Вот и сейчас. Юрке Кульмяеву скучно, и он зачем-то взял в компанию меня. Он на год постарше Вальки, и даже не второгодник. Непонятно...
Однако, мы идём и беседуем. Разве сейчас вспомнишь, о чём? Я теряю бдительность и горячая боль с размаху вонзается острым ракушечником в большой палец на ноге. Кровь не унимается, домой ковылять не хочется. А тут большой Юрка авторитетно предлагает посыпать ранку серой пудрой пыли с обочины, чтобы унять кровотечение. Толстый, глубокий слой нежнейшей пыли образовался на обочине шоссе от бесчисленных телег гужевого транспорта, своими колёсами перетиравшими всё на свете. Газетные кульки, наполненные этой пылью, взрывались, падая на камни мостовой оставляя в воздухе долго не оседавшие клубы.

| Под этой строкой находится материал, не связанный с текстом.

lemma gram_inverse_outer_sum:
  fixes b :: "nat \<Rightarrow> 'd::finite \<Rightarrow> complex"
  assumes card: "CARD('d) = N"
    and Gi: "Gi \<in> carrier_mat N N"
    and inv: "Gi * mat N N (\<lambda>(i, j). bil (b i) (b j)) = 1\<^sub>m N"
  shows "(\<Sum>i<N. \<Sum>j<N. Gi $$ (i, j) * b i d * b j d') = id_form d d'"
proof -
  obtain e where e: "bij_betw e {0..<N} (UNIV :: 'd set)"
    using ex_bij_betw_nat_finite[of "UNIV :: 'd set"] card by auto
  define M where "M = mat N N (\<lambda>(x, j). b j (e x))"
  have M: "M \<in> carrier_mat N N" and MT: "transpose_mat M \<in> carrier_mat N N"
    unfolding M_def by simp_all
  have gram: "mat N N (\<lambda>(i, j). bil (b i) (b j)) = transpose_mat M * M"
  proof (rule eq_matI)
    fix i j assume "i < dim_row (transpose_mat M * M)" and "j < dim_col (transpose_mat M * M)"
    then have i: "i < N" and j: "j < N" using M by auto
    have "(transpose_mat M * M) $$ (i, j) = (\<Sum>x\<in>{0..<N}. b i (e x) * b j (e x))"
      using i j M by (simp add: M_def scalar_prod_def)
    also have "\<dots> = bil (b i) (b j)"
      using sum.reindex_bij_betw[OF e, of "\<lambda>d. b i d * b j d"] by (simp add: bil_def)
    finally show "mat N N (\<lambda>(i, j). bil (b i) (b j)) $$ (i, j) = (transpose_mat M * M) $$ (i, j)"
      using i j by simp
  qed (use M in auto)
  have "(Gi * transpose_mat M) * M = 1\<^sub>m N"
    using inv gram by (simp add: assoc_mult_mat[OF Gi MT M])
  then have right_inv: "M * (Gi * transpose_mat M) = 1\<^sub>m N"
    using mat_mult_left_right_inverse[of "Gi * transpose_mat M" N M] Gi MT M by auto
  have entry: "(\<Sum>i<N. \<Sum>j<N. Gi $$ (i, j) * b i (e x) * b j (e z)) = (if x = z then 1 else 0)"
    if x: "x < N" and z: "z < N" for x z
  proof -
    have "(M * (Gi * transpose_mat M)) $$ (x, z)
        = (\<Sum>i\<in>{0..<N}. b i (e x) * (\<Sum>j\<in>{0..<N}. Gi $$ (i, j) * b j (e z)))"
      using x z Gi M by (simp add: M_def scalar_prod_def)
    also have "\<dots> = (\<Sum>i<N. \<Sum>j<N. Gi $$ (i, j) * b i (e x) * b j (e z))"
      by (simp add: sum_distrib_left atLeast0LessThan mult.commute mult.left_commute)
    finally show ?thesis using right_inv x z by simp
  qed
  have "e ` {0..<N} = UNIV" using e by (simp add: bij_betw_def)
  then obtain x z where x: "x < N" "d = e x" and z: "z < N" "d' = e z"
    by (metis atLeastLessThan_iff imageE UNIV_I)
  have "(d = d') = (x = z)" using e x z unfolding bij_betw_def inj_on_def by auto
  then show ?thesis using entry[OF x(1) z(1)] x z by (simp add: id_form_def)
qed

Тёплая пыль чудодейственно укротила кровь, приятно успокоив пульсирующую боль в пальце. И тут Юрка вкрадчиво так объясняет мне:
- Ну вот. Теперь ты умрёшь.
- Чтой-то?
- От заражения крови. Ты вот пыль насыпал, она теперь в кровь попадёт, и будет заражение.
Я не очень понимаю, что такое - заражение, но уж точно, ничего хорошего. О том, что такое умереть, я знаю давно. Не раз видел, как по улице проходила похоронная процессия. Восковые лица в окружении лент, венков и белой ткани. Воющие трубы, звон тарелок, гулко ухающий барабан и неизменный участник всех процессий, Саша Яновский - местный юродивый с обезображенным, перекошенным лицом и нечленораздельной речью. Его привлекали ритуальные поминки с кутьёй, сытой и прочими угощениями. Когда он появлялся в очередной раз - знай, кого-то похоронили, или вот-вот похоронят.
Мне стало гадостно на душе, и подавляя слёзы, я пытаюсь добиться от Юрки опровержения. Вот сейчас он скажет: "Ладно, я понарошке. Ничего не будет." Но Юрка серьёзно и деловито добавляет всё новые и новые детали ожидающих меня последствий. Я возмущаюсь:
- Ты же сам научил пылью посыпать!
- Ну, мало ли что? Не надо было слушать.
- Откуда же я знал?
- А мне-то что?
Возмущённый его вероломством и подлостью, я собирал все свои душевные силы, чтобы не раскиснуть на глазах у этого гада. Внутренняя психологическая защита выстраивала в мозгу бастионы против этой невыносимой тяжести. Мозг просто выталкивал из себя эти картины. Пойду домой, к Верке. Она что-нибудь придумает.
Верка ловко и небольно исправляла последствия советов этого садиста, а я заваливал её вопросами о жизни, о смерти, пытаясь примириться с фактами и с неизбежностью этого события в отдалённом будущем. Пытался себе представить, как это?
Вот есть, есть, а потом, вдруг, нет. Куда же потом девается это моё "Я"? Что-то в этом не так.
А может, при коммунизме врачи придумают что-то умное, чтобы хоть отдалить это событие и помереть не в 60 лет, а хотя бы в сто?
- Да, конечно, придумают!
Вопрос за вопросом, ответ за ответом. О людях, которые жили и больше не живут. О Земле, о планетах, о солнце, о звёздах, о бесконечности и вечности, о микробах. Попытки вообразить себе то, что там дальше - за бесконечностью, там, где она кончается? И что было до всего?
Юркина проповедь скукошилась до размеров изображения, видимого через перевёрнутый бинокль.
Мы греемся, купаясь в вечных лучах солнца, на тёплых ступеньках крылечка.